Más que una simple colección de preguntas y respuestas, Respuestas a Preguntas del Evangelio, Volumen 4 constituye una valiosa herramienta de estudio para maestros, líderes, misioneros y todos aquellos que desean profundizar su comprensión del plan de salvación y de las doctrinas del reino de Dios. Sus páginas ofrecen orientación, claridad y perspectivas que continúan siendo de interés para quienes buscan fortalecer su fe en Jesucristo y en Su evangelio restaurado.

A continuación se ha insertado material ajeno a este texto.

lemma hfun_min_attained_in_Pset:
  assumes min: "\<forall>y. hfun t q z \<le> hfun t q y"
  obtains p where "p \<in> Pset t" and "p \<bullet> q = hfun t q z"
proof (cases "z < qmax q")
  case True
  then show thesis
    using that scaled_vvec_attains_hfun[OF hfun_min_stationary[OF min True] True] by blast
next
  case False
  with min[rule_format, of "qmax q"] have "z = qmax q"
    by (simp add: hfun_def)
  then show thesis
    using that min uniform_argmax_attains_hfun[OF qmax_minimizer_imp_card_argmax_ge] by blast
qed

theorem mainTheorem11:
  fixes q :: "real ^ 'n" and t :: real
  assumes "CARD('n) \<ge> 2"
    and "1 / real CARD('n) < t" and "t < 1"
  shows "convex_on UNIV (hfun t q)
    \<and> (\<exists>z. \<forall>y. hfun t q z \<le> hfun t q y)
    \<and> (\<exists>p\<in>Pset t. \<forall>p'\<in>Pset t. p' \<bullet> q \<le> p \<bullet> q)
    \<and> (SUP p\<in>Pset t. p \<bullet> q) = (INF z. hfun t q z)
    \<and> (\<forall>zs. (\<forall>y. hfun t q zs \<le> hfun t q y) \<and> zs < qmax q \<longrightarrow>
          is_maximizer t q (scaleR (sqrt t / norm (vvec q zs)) (vvec q zs)))
    \<and> ((\<forall>y. hfun t q (qmax q) \<le> hfun t q y) \<longrightarrow>
          is_maximizer t q (\<chi> i. if q $ i = qmax q
              then 1 / real (card {j. q $ j = qmax q}) else 0))"
proof -
  \<comment> \<open>only \<open>1 / n < t\<close> is needed\<close>
  have "1 < t * CARD('n)"
    using assms(2) by (simp add: field_simps)
  then have "0 < t * CARD('n)"
    by linarith
  then have "0 \<le> t"
    by (simp add: zero_less_mult_iff)
  obtain zm where zm: "\<forall>y. hfun t q zm \<le> hfun t q y"
    using hfun_attains_min \<open>1 < t * CARD('n)\<close> by blast
  then obtain p where "p \<in> Pset t" and p_value: "p \<bullet> q = hfun t q zm"
    by (rule hfun_min_attained_in_Pset)
  then have max_p: "is_maximizer t q p"
    by (rule is_maximizer_if_attains_hfun)
  have "(SUP p\<in>Pset t. p \<bullet> q) = p \<bullet> q"
    using max_p unfolding is_maximizer_def by (intro cSup_eq_maximum) auto
  also have "\<dots> = (INF z. hfun t q z)"
    using zm p_value by (intro cInf_eq_minimum[symmetric]) auto
  finally show ?thesis
    using convex_on_hfun[OF \<open>0 \<le> t\<close>] zm max_p
      is_maximizer_scaled_vvec[of t q] is_maximizer_uniform_argmax[of t q]
    unfolding is_maximizer_def by blast
qed
lemma info_le_info_Suc: "info N m \<nu> j k \<le> info N m \<nu> j (Suc k)"
  unfolding info_def[of _ _ _ _ k]
proof (rule nn_integral_le_of_incseq_approx[where g = "\<lambda>l x. ennreal (truncated_integrand j l x)"])
  show "(\<lambda>x. ennreal (truncated_integrand j l x)) \<in> borel_measurable (lebPi k)" for l
    using borel_measurable_continuous_on_conf[OF continuous_on_truncated_integrand] by measurable
  show "ennreal (truncated_integrand j l x) \<le> ennreal (truncated_integrand j (Suc l) x)"
    if "x \<in> space (lebPi k)" for l x
    using truncated_integrand_mono that by (simp add: ennreal_leI)
  show "(\<integral>\<^sup>+ x. ennreal (truncated_integrand j l x) \<partial>lebPi k) \<le> info N m \<nu> j (Suc k)" for l
    by (rule nn_integral_truncated_integrand_le_info_Suc)
  fix x :: "'d cfg" assume "x \<in> space (lebPi k)"
  then have "0 \<le> f k x" using f_nonneg Suc_k_le by simp
  text \<open>Where \<open>f k\<close> vanishes the integrand is \<open>0\<close>, since division by zero yields zero.\<close>
  show "ennreal (T k x * dnorm2 k j (f k) x / f k x) \<le> (SUP l. ennreal (truncated_integrand j l x))"
  proof (cases "f k x = 0")
    case False
    with \<open>0 \<le> f k x\<close> have "(\<lambda>l. ennreal (truncated_integrand j l x))
        \<longlonglongrightarrow> ennreal (T k x * dnorm2 k j (f k) x / f k x)"
      by (intro tendsto_ennrealI truncated_integrand_tendsto) simp
    then show ?thesis
      by (rule LIMSEQ_le_const2) (intro exI[of _ 0] allI impI SUP_upper, simp)
  qed simp
qed

end

theorem mainTheorem6:
  fixes N :: nat and m :: "'d::finite cfg \<Rightarrow> real" and \<nu> :: "real^'d \<Rightarrow> real"
  assumes "smooth_pos_density N m"
    and "smooth_pos_density_Rd \<nu>"
    and "\<And>k. 1 \<le> k \<Longrightarrow> k \<le> N \<Longrightarrow> smooth_conf k (marginal N m k)"
    and "1 \<le> k" and "k \<le> N - 1"
  shows "info N m \<nu> 1 k \<le> info N m \<nu> 1 (k + 1) \<and>
         info N m \<nu> 2 k \<le> info N m \<nu> 2 (k + 1) \<and>
         info N m \<nu> 3 k \<le> info N m \<nu> 3 (k + 1)"
proof -
  interpret consecutive_marginals N m \<nu> k
    using assms by unfold_locales auto
  show ?thesis using info_le_info_Suc by simp
qed

end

“El evangelio de Jesucristo no teme las preguntas sinceras; por el contrario, invita al estudio diligente, a la reflexión y a la búsqueda de la verdad por medio de la revelación divina.” Esta idea resume el espíritu de la obra y el propósito con el que Joseph Fielding Smith compiló estas respuestas para beneficio de los santos.
- Esta Vida Es el Tiempo para que los Hombres se Preparen para Comparecer ante Dios.
- Profetas—Llaves—Sacerdocio
- Salvación de los que Murieron sin Ley
- El Uso de la Cruz
- ¿Dónde Está el Jardín de Edén?
- ¿Cuándo Apareció Jesús a los Nefitas?
- ¿Es Malo el Uso de las Tablas Ouija o Planchette?
- ¿Qué Tan Extensa Fue la Dispersión de Israel?
- ¿Es un pecado matar animales innecesariamente?
- ¿Cuál Fue la Naturaleza del Pecado de Pablo en la Lapidación de Esteban?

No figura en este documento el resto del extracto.